What the exercise asks :: The result should be every line in the data below that carries the string "auto".

Stored items
lemma lower_dens_T_pos_if_y:
  assumes "lower_dens (cyl_visits y z M) > 0"
  shows "lower_dens (cyl_visits T z M) > 0"
proof -
  obtain g where g: "g > 0" "\<forall>\<^sub>F n in sequentially. g * real n \<le> cY n"
    using assms unfolding lower_dens_pos_iff by blast
  have "\<forall>\<^sub>F m in sequentially. g * real (Suc m) \<le> cY (Suc m)"
    using eventually_sequentially_Suc[THEN iffD2, OF g(2)] .
  moreover have "\<forall>\<^sub>F m in sequentially. 2 * real M \<le> g * real (Suc m)"
    using eventually_sequentially_Suc[THEN iffD2, OF eventually_le_mult_real[OF g(1)]] .
  moreover have "\<forall>\<^sub>F m in sequentially. real (cl m) \<le> 1 * real (a m)"
    by (rule eventually_cl_le) simp
  ultimately have "\<forall>\<^sub>F m in sequentially. g * real (Suc m) \<le> cY (Suc m) \<and>
      2 * real M \<le> g * real (Suc m) \<and> real (cl m) \<le> 1 * real (a m)"
    by (intro eventually_conj)
  then obtain m1 where m1: "\<And>m. m \<ge> m1 \<Longrightarrow> g * real (Suc m) \<le> cY (Suc m) \<and>
      2 * real M \<le> g * real (Suc m) \<and> real (cl m) \<le> 1 * real (a m)"
    unfolding eventually_sequentially by blast
  have level_end: "g / 8 * real (a (Suc m)) \<le> cT (a (Suc m))" if "m \<ge> m1" for m
    using count_T_lower_level_end[of "g / 2" m] m1[OF that] g(1) by linarith
  have "g / 24 * real t \<le> cT t" if t: "a (Suc m1) \<le> t" for t
  proof -
    obtain m where m: "Suc m1 \<le> m" "a m \<le> t" "t < a (Suc m)" using obtain_level[OF t] .
    then obtain m' where "m = Suc m'" "m1 \<le> m'" by (cases m) auto
    then have "g / 8 * real (a m) \<le> cT (a m)" using level_end by simp
    moreover have "g / 8 * real (Suc m) \<le> cY (Suc m) - real M" "real (cl m) \<le> real (a m)"
      using m1[of m] m(1) g(1) by (auto simp: field_simps)
    ultimately show ?thesis using count_T_lower_in_level[of "g / 8" m t] m(2,3) g(1) by simp
  qed
  then have "\<forall>\<^sub>F t in sequentially. g / 24 * real t \<le> cT t"
    unfolding eventually_sequentially by blast
  with g(1) show ?thesis unfolding lower_dens_pos_iff by (intro exI[of _ "g / 24"]) simp
qed

lemma lower_dens_y_pos_if_T:
  assumes "lower_dens (cyl_visits T z M) > 0"
  shows "lower_dens (cyl_visits y z M) > 0"
proof -
  obtain g where g: "g > 0" "\<forall>\<^sub>F n in sequentially. g * real n \<le> cT n"
    using assms unfolding lower_dens_pos_iff by blast
  have key: "g * real (Suc m) \<le> cY (Suc m) + real M + 2"
    if m: "g * real (s m) \<le> cT (s m)" "real (cl m) \<le> real (a m)" for m
  proof -
    have r: "real (a m) \<le> real (r m)" "0 < real (r m)" using r_ge_a[of m] a_pos[of m] by auto
    have "r m * Suc m \<le> s m" using s_ge[of m] by simp
    then have "real (r m) * real (Suc m) \<le> real (s m)" by (metis of_nat_le_iff of_nat_mult)
    then have "g * (real (r m) * real (Suc m)) \<le> g * real (s m)"
      using g(1) by (intro mult_left_mono) simp_all
    also have "\<dots> \<le> cT (a m) + real (cl m) + real (r m) * (cY (Suc m) + real M)"
      using m(1) count_T_upper_Y_blocks[of "r m" m] unfolding s_def by simp
    also have "\<dots> \<le> real (r m) * (cY (Suc m) + real M) + 2 * real (r m)"
      using real_count_upto_le[of "cyl_visits T z M" "a m"] m(2) r(1) by linarith
    also have "\<dots> = real (r m) * (cY (Suc m) + real M + 2)" by (simp add: algebra_simps)
    finally have "real (r m) * (g * real (Suc m)) \<le> real (r m) * (cY (Suc m) + real M + 2)"
      by (simp add: mult.left_commute)
    then show ?thesis by (metis mult_le_cancel_left_pos r(2))
  qed
  obtain N where N: "\<And>n. n \<ge> N \<Longrightarrow> g * real n \<le> cT n"
    using g(2) unfolding eventually_sequentially by blast
  have "\<forall>\<^sub>F m in sequentially. N \<le> m" by simp
  moreover have "\<forall>\<^sub>F m in sequentially. real (cl m) \<le> 1 * real (a m)"
    by (rule eventually_cl_le) simp
  moreover have "\<forall>\<^sub>F m in sequentially. real M + 2 \<le> g / 2 * real (Suc m)"
    using eventually_sequentially_Suc[THEN iffD2, OF eventually_le_mult_real[of "g / 2" "real M + 2"]] g(1)
    by simp
  ultimately have "\<forall>\<^sub>F m in sequentially. g / 2 * real (Suc m) \<le> cY (Suc m)"
  proof (eventually_elim)
    case (elim m)
    then have "g * real (Suc m) \<le> cY (Suc m) + real M + 2"
      using key N[of "s m"] s_ge_index[of N m] by simp
    with elim(3) show ?case by simp
  qed
  then have "\<forall>\<^sub>F n in sequentially. g / 2 * real n \<le> cY n"
    by (rule eventually_sequentially_Suc[THEN iffD1])
  with g(1) show ?thesis unfolding lower_dens_pos_iff by (intro exI[of _ "g / 2"]) simp
qed

lemma upper_dens_T_pos_if_y:
  assumes "upper_dens (cyl_visits y z M) > 0"
  shows "upper_dens (cyl_visits T z M) > 0"
proof -
  obtain g where g: "g > 0" "\<exists>\<^sub>F n in sequentially. g * real n \<le> cY n"
    using assms unfolding upper_dens_pos_iff by blast
  have key: "g / 4 * real (s m) \<le> cT (s m)"
    if m: "g * real (Suc m) \<le> cY (Suc m)" "real (cl m) \<le> real (a m)" "g / 2 + real M \<le> 3 * g / 4 * real (Suc m)"
    for m
  proof -
    have r: "real (a m) \<le> real (r m)" using r_ge_a[of m] by simp
    have "g / 4 * real (s m) \<le> g / 4 * (2 * real (r m) + real (r m) * real (Suc m))"
      using real_u[of m "r m"] m(2) r g(1) unfolding s_def by (intro mult_left_mono) auto
    also have "\<dots> = real (r m) * (g / 2 + g / 4 * real (Suc m))" by (simp add: field_simps)
    also have "\<dots> \<le> real (r m) * (cY (Suc m) - real M)"
      using m(1,3) by (intro mult_left_mono) auto
    also have "\<dots> \<le> cT (s m)"
      using count_T_lower_Y_blocks[of "r m" m] unfolding s_def by simp
    finally show ?thesis .
  qed
  have "\<forall>\<^sub>F m in sequentially. real (cl m) \<le> 1 * real (a m)"
    by (rule eventually_cl_le) simp
  moreover have "\<forall>\<^sub>F m in sequentially. g / 2 + real M \<le> 3 * g / 4 * real (Suc m)"
    using eventually_sequentially_Suc[THEN iffD2, OF eventually_le_mult_real[of "3 * g / 4" "g / 2 + real M"]] g(1)
    by simp
  ultimately have "\<forall>\<^sub>F m in sequentially. real (cl m) \<le> 1 * real (a m) \<and> g / 2 + real M \<le> 3 * g / 4 * real (Suc m)"
    by (rule eventually_conj)
  then obtain m1 where m1: "\<And>m. m \<ge> m1 \<Longrightarrow> real (cl m) \<le> real (a m) \<and> g / 2 + real M \<le> 3 * g / 4 * real (Suc m)"
    unfolding eventually_sequentially by auto
  have "\<exists>t\<ge>N. g / 4 * real t \<le> cT t" for N
  proof -
    obtain n where n: "n \<ge> Suc (max N m1)" "g * real n \<le> cY n"
      using g(2) unfolding frequently_sequentially by blast
    then obtain m where "n = Suc m" "m \<ge> N" "m \<ge> m1" by (cases n) auto
    with n m1[of m] key[of m] s_ge_index[of N m] show ?thesis by auto
  qed
  then have "\<exists>\<^sub>F t in sequentially. g / 4 * real t \<le> cT t" unfolding frequently_sequentially by blast
  with g(1) show ?thesis unfolding upper_dens_pos_iff by (intro exI[of _ "g / 4"]) simp
qed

Answer section ::
    then obtain m' where "m = Suc m'" "m1 \<le> m'" by (cases m) auto
      using m1[of m] m(1) g(1) by (auto simp: field_simps)
    have r: "real (a m) \<le> real (r m)" "0 < real (r m)" using r_ge_a[of m] a_pos[of m] by auto
      using real_u[of m "r m"] m(2) r g(1) unfolding s_def by (intro mult_left_mono) auto
      using m(1,3) by (intro mult_left_mono) auto
    unfolding eventually_sequentially by auto
    then obtain m where "n = Suc m" "m \<ge> N" "m \<ge> m1" by (cases n) auto
    with n m1[of m] key[of m] s_ge_index[of N m] show ?thesis by auto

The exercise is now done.